• [Exercise goal]: Taking the line containing "using assms subgroup.mem_carrier" as the first and the last line of the entries as the end, reproduce every line between them exactly, including both.
== == ==
(* Let $H=\{H_a\}_{a\in\alpha}$ be an $\alpha$-family of subgroups of $\pi$. If two nanowords over $\alpha$ are homotopic, then their $H$-coverings are homotopic.
   Context: Fix a set $\alpha$ with an involution $\tau$. An $\alpha$-alphabet is a set $\mathcal A$ with a map $A\mapsto|A|\in\alpha$. A nanoword over $\alpha$ is a pair $(\mathcal A,w)$ with $\mathcal A$ a finite $\alpha$-alphabet and $w$ a word in which each letter occurs exactly twice. Nanowords are isomorphic if a bijection of alphabets preserving $|\cdot|$ carries one word letterwise to the other. Homotopy moves ($x,y,z,t$ words in the remaining letters; smaller alphabets carry the restricted projection): (1) $(\mathcal A,xAAy)\mapsto(\mathcal A\setminus\{A\},xy)$; (2) $(\mathcal A,xAByBAz)\mapsto(\mathcal A\setminus\{A,B\},xyz)$ if $|B|=\tau(|A|)$; (3) $(\mathcal A,xAByACzBCt)\mapsto(\mathcal A,xBAyCAzCBt)$ if $A,B,C$ distinct with $|A|=|B|=|C|$. Homotopy is generated by isomorphisms, these moves and their inverses. Let $\pi$ be the multiplicative abelian group generated by the elements of $\alpha$ with relations $a\,\tau(a)=1$. For $A,B\in\mathcal A$ let $n_w(A,B)=1$ if $w=\cdots A\cdots B\cdots A\cdots B\cdots$, $-1$ if $w=\cdots B\cdots A\cdots B\cdots A\cdots$, and $0$ otherwise, and $[A]_w=\prod_{B\in\mathcal A}|B|^{n_w(A,B)}\in\pi$. An $\alpha$-family of subgroups of $\pi$ is a family $\{H_a\subset\pi\}_{a\in\alpha}$ of subgroups with $H_a=H_{\tau(a)}$ for all $a$. The $H$-covering of $(\mathcal A,w)$ is the nanoword $(\mathcal A^H,w^H)$ obtained by deleting from both $\mathcal A$ and $w$ all letters $A$ with $[A]_w\notin H_{|A|}$. *)

theory Defs
  imports "HOL-Algebra.Free_Abelian_Groups" "HOL-Algebra.Generated_Groups" "HOL-Algebra.Coset"
begin

text \<open>pi is the abelian group generated by alpha subject to a * tau(a) = 1,
  realised as the quotient of the free abelian group on alpha (type 'a) by the
  subgroup generated by the elements a + tau(a) (additive notation in frags).\<close>

definition rel_subgroup :: "('a \<Rightarrow> 'a) \<Rightarrow> ('a \<Rightarrow>\<^sub>0 int) set" where
  "rel_subgroup \<tau> = generate (free_Abelian_group UNIV) {frag_of a + frag_of (\<tau> a) | a. True}"

definition pi_group :: "('a \<Rightarrow> 'a) \<Rightarrow> ('a \<Rightarrow>\<^sub>0 int) set monoid" where
  "pi_group \<tau> = free_Abelian_group UNIV Mod rel_subgroup \<tau>"

definition pi_class :: "('a \<Rightarrow> 'a) \<Rightarrow> ('a \<Rightarrow>\<^sub>0 int) \<Rightarrow> ('a \<Rightarrow>\<^sub>0 int) set" where
  "pi_class \<tau> c = rel_subgroup \<tau> #>\<^bsub>free_Abelian_group UNIV\<^esub> c"

definition alpha_family :: "('a \<Rightarrow> 'a) \<Rightarrow> ('a \<Rightarrow> ('a \<Rightarrow>\<^sub>0 int) set set) \<Rightarrow> bool" where
  "alpha_family \<tau> H \<longleftrightarrow> (\<forall>a. subgroup (H a) (pi_group \<tau>) \<and> H a = H (\<tau> a))"

text \<open>A nanoword over alpha is a triple (A, p, w): a finite alphabet A (a set of
  letters of type 'b), the projection p (only its values on A matter), and a word w
  in which each letter of A occurs exactly twice and no other letter occurs.\<close>

type_synonym ('b, 'a) nanoword = "'b set \<times> ('b \<Rightarrow> 'a) \<times> 'b list"

definition is_nanoword :: "('b, 'a) nanoword \<Rightarrow> bool" where
  "is_nanoword N = (case N of (A, p, w) \<Rightarrow>
      finite A \<and> set w \<subseteq> A \<and> (\<forall>X\<in>A. count_list w X = 2))"

definition nano_iso :: "('b, 'a) nanoword \<Rightarrow> ('b, 'a) nanoword \<Rightarrow> bool" where
  "nano_iso N M = (case N of (A, p, w) \<Rightarrow> case M of (A', p', w') \<Rightarrow>
      (\<exists>f. bij_betw f A A' \<and> (\<forall>X\<in>A. p' (f X) = p X) \<and> w' = map f w))"

inductive homotopy_move :: "('a \<Rightarrow> 'a) \<Rightarrow> ('b, 'a) nanoword \<Rightarrow> ('b, 'a) nanoword \<Rightarrow> bool"
  for \<tau> :: "'a \<Rightarrow> 'a" where
  move1: "homotopy_move \<tau> (A, p, x @ [X, X] @ y) (A - {X}, p, x @ y)"
| move2: "p Y = \<tau> (p X) \<Longrightarrow>
    homotopy_move \<tau> (A, p, x @ [X, Y] @ y @ [Y, X] @ z) (A - {X, Y}, p, x @ y @ z)"
| move3: "distinct [X, Y, Z] \<Longrightarrow> p X = p Y \<Longrightarrow> p Y = p Z \<Longrightarrow>
    homotopy_move \<tau> (A, p, x @ [X, Y] @ y @ [X, Z] @ z @ [Y, Z] @ t)
                    (A, p, x @ [Y, X] @ y @ [Z, X] @ z @ [Z, Y] @ t)"

definition homotopy_step :: "('a \<Rightarrow> 'a) \<Rightarrow> ('b, 'a) nanoword \<Rightarrow> ('b, 'a) nanoword \<Rightarrow> bool" where
  "homotopy_step \<tau> N M \<longleftrightarrow> is_nanoword N \<and> is_nanoword M \<and> (nano_iso N M \<or> homotopy_move \<tau> N M)"

definition homotopic :: "('a \<Rightarrow> 'a) \<Rightarrow> ('b, 'a) nanoword \<Rightarrow> ('b, 'a) nanoword \<Rightarrow> bool" where
  "homotopic \<tau> N M \<longleftrightarrow> (N, M) \<in> ({(P, Q). homotopy_step \<tau> P Q} \<union> {(P, Q). homotopy_step \<tau> Q P})\<^sup>*"

definition n_w :: "'b list \<Rightarrow> 'b \<Rightarrow> 'b \<Rightarrow> int" where
  "n_w w X Y =
    (if \<exists>x y z t u. w = x @ [X] @ y @ [Y] @ z @ [X] @ t @ [Y] @ u then 1
     else if \<exists>x y z t u. w = x @ [Y] @ y @ [X] @ z @ [Y] @ t @ [X] @ u then -1
     else 0)"

text \<open>[X]_w = prod_{Y in A} |Y|^{n_w(X,Y)}, computed in the free abelian group and mapped to pi.\<close>
definition letter_class :: "('a \<Rightarrow> 'a) \<Rightarrow> ('b, 'a) nanoword \<Rightarrow> 'b \<Rightarrow> ('a \<Rightarrow>\<^sub>0 int) set" where
  "letter_class \<tau> N X = (case N of (A, p, w) \<Rightarrow>
      pi_class \<tau> (\<Sum>Y\<in>A. frag_cmul (n_w w X Y) (frag_of (p Y))))"

definition covering :: "('a \<Rightarrow> 'a) \<Rightarrow> ('a \<Rightarrow> ('a \<Rightarrow>\<^sub>0 int) set set) \<Rightarrow> ('b, 'a) nanoword \<Rightarrow> ('b, 'a) nanoword" where
  "covering \<tau> H N = (case N of (A, p, w) \<Rightarrow>
      let AH = {X \<in> A. letter_class \<tau> N X \<in> H (p X)} in (AH, p, filter (\<lambda>X. X \<in> AH) w))"

end

theory Submission
  imports Defs "HOL-Library.Sublist"
begin

(* An isomorphism transports the classes.
   In move (1) the deleted letter has trivial class, so it is kept, and no other class changes.
   In move (2) the letters A and B have the same linking numbers with every letter, so
   [A]_w = [B]_w, and H_|A| = H_|B| because |B| = tau |A|: both letters are kept or both are
   deleted; any other class changes by a power of |A| tau(|A|) = 1.  In move (3) no class changes
   and [B]_w = [A]_w [C]_w with |A| = |B| = |C|, so as soon as two of A, B, C are kept, the third is
   kept as well.  Hence the two H-coverings are related by the same move (when all letters involved
   are kept) or coincide. *)

lemma (in group) subgroup_mult_iff_right:
  assumes "subgroup K G" "a \<in> K" "b \<in> carrier G"
  shows "a \<otimes> b \<in> K \<longleftrightarrow> b \<in> K"
proof
  assume "a \<otimes> b \<in> K"
  then have "inv a \<otimes> (a \<otimes> b) \<in> K"
    using assms by (simp add: subgroup.m_closed subgroup.m_inv_closed)
  then show "b \<in> K"
    using assms subgroup.mem_carrier by (force simp: m_assoc[symmetric])
qed (use assms in \<open>simp add: subgroup.m_closed\<close>)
== == ==
• [Written response]:
    using assms subgroup.mem_carrier by (force simp: m_assoc[symmetric])
qed (use assms in \<open>simp add: subgroup.m_closed\<close>)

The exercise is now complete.